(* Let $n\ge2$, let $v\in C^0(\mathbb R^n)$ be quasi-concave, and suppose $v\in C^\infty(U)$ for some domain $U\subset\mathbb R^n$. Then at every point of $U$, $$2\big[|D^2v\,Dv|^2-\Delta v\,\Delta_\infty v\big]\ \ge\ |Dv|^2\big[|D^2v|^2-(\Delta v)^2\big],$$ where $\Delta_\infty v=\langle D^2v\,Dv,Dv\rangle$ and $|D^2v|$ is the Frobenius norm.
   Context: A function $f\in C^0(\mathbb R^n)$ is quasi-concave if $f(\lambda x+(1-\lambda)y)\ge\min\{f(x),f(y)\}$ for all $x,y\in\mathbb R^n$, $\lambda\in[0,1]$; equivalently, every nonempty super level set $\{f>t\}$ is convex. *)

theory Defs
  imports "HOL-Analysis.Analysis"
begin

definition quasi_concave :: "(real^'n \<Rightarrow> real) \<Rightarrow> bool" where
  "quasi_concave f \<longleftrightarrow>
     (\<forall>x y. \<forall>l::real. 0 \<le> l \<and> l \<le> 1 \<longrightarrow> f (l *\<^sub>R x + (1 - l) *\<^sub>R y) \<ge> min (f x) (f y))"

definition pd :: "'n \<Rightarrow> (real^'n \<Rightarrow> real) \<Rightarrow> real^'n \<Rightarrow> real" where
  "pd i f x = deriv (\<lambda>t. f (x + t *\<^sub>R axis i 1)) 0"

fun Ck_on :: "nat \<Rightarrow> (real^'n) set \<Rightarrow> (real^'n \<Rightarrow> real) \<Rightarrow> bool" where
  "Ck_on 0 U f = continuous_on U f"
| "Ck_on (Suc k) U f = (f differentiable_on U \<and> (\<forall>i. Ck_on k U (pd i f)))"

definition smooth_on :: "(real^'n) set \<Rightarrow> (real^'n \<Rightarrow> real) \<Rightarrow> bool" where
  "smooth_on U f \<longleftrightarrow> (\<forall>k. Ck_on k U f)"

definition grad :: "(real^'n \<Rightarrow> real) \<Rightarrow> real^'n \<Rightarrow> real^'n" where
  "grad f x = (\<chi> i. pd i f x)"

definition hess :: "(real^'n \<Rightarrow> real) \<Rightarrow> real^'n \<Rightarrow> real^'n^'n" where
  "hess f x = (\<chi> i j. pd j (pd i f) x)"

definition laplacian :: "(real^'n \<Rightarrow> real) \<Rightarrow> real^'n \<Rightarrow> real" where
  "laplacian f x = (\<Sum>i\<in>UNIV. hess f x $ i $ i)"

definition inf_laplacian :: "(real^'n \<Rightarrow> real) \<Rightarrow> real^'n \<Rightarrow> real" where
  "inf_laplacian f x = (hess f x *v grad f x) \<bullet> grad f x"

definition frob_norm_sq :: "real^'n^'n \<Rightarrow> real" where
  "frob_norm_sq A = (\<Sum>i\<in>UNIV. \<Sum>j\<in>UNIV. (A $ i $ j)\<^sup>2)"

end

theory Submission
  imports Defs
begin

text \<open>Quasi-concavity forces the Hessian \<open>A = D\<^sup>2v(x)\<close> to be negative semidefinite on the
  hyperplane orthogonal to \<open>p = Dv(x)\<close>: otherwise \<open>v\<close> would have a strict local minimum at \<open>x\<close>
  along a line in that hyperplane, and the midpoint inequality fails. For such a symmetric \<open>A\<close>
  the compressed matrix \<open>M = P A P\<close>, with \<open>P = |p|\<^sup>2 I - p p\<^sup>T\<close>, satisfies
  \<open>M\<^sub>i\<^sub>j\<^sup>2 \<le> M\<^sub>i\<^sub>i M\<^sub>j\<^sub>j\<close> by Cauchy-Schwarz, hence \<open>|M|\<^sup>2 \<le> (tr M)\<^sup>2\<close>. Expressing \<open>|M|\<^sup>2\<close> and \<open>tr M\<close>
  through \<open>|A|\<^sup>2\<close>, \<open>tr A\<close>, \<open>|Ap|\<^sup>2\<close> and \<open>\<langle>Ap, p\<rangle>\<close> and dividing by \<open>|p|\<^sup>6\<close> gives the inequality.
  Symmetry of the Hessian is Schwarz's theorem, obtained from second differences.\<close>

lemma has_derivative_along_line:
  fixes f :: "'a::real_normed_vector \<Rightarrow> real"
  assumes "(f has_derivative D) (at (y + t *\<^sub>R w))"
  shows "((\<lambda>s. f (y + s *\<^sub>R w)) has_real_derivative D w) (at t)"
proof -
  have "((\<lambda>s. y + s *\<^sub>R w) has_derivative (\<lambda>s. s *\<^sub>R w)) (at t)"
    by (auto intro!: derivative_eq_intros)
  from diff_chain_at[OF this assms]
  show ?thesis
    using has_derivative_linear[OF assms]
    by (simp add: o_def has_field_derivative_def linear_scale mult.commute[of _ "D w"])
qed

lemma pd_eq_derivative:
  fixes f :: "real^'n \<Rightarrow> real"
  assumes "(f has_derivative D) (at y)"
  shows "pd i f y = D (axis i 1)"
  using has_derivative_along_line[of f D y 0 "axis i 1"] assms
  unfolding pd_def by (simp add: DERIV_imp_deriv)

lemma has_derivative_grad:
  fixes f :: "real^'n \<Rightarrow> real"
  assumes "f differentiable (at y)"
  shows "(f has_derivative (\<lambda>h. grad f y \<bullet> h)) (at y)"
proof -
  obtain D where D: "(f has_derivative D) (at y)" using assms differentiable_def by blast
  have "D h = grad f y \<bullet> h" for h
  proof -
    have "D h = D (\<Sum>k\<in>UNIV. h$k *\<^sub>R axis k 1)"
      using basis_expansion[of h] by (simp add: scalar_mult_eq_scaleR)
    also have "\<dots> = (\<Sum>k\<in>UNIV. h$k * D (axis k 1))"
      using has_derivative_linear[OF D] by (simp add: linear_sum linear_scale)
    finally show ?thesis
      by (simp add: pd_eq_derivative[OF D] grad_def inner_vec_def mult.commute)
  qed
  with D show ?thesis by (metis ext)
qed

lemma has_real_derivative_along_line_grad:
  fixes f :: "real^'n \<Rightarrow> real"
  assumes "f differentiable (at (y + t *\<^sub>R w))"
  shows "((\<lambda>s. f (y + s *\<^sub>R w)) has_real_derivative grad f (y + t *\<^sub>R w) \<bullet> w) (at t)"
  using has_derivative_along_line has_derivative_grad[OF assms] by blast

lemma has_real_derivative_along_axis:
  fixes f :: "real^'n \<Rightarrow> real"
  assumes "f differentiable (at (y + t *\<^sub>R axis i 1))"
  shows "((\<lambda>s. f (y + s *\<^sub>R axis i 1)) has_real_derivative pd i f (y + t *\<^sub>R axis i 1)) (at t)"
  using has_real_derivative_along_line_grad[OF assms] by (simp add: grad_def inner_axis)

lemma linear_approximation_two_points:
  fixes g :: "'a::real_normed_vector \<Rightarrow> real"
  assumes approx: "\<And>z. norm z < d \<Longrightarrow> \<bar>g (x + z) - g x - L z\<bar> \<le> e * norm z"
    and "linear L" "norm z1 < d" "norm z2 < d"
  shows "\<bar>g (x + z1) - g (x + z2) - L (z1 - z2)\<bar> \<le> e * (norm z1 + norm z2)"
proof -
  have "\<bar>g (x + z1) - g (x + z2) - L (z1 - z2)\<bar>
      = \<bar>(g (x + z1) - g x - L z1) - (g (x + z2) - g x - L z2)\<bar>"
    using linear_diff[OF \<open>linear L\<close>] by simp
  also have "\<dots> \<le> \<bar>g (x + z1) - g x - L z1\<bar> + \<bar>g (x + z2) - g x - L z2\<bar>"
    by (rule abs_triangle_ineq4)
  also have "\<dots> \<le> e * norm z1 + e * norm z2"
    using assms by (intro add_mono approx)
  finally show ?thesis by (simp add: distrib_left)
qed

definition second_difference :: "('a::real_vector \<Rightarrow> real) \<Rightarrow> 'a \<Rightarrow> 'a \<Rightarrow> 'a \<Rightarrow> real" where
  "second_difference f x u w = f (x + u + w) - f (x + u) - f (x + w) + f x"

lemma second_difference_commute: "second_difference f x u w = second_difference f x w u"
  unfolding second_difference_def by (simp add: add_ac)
★ ★ ★ ★ ★ ★ ★
▸ TASK BRIEF: Among the entries above, locate the lines containing "(\<chi> i. pd" and "x = (\<Sum>i\<in>UNIV.", and transcribe exactly those two lines and all lines between.

▸ RESULT BELOW:
  "grad f x = (\<chi> i. pd i f x)"

definition hess :: "(real^'n \<Rightarrow> real) \<Rightarrow> real^'n \<Rightarrow> real^'n^'n" where
  "hess f x = (\<chi> i j. pd j (pd i f) x)"

definition laplacian :: "(real^'n \<Rightarrow> real) \<Rightarrow> real^'n \<Rightarrow> real" where
  "laplacian f x = (\<Sum>i\<in>UNIV. hess f x $ i $ i)"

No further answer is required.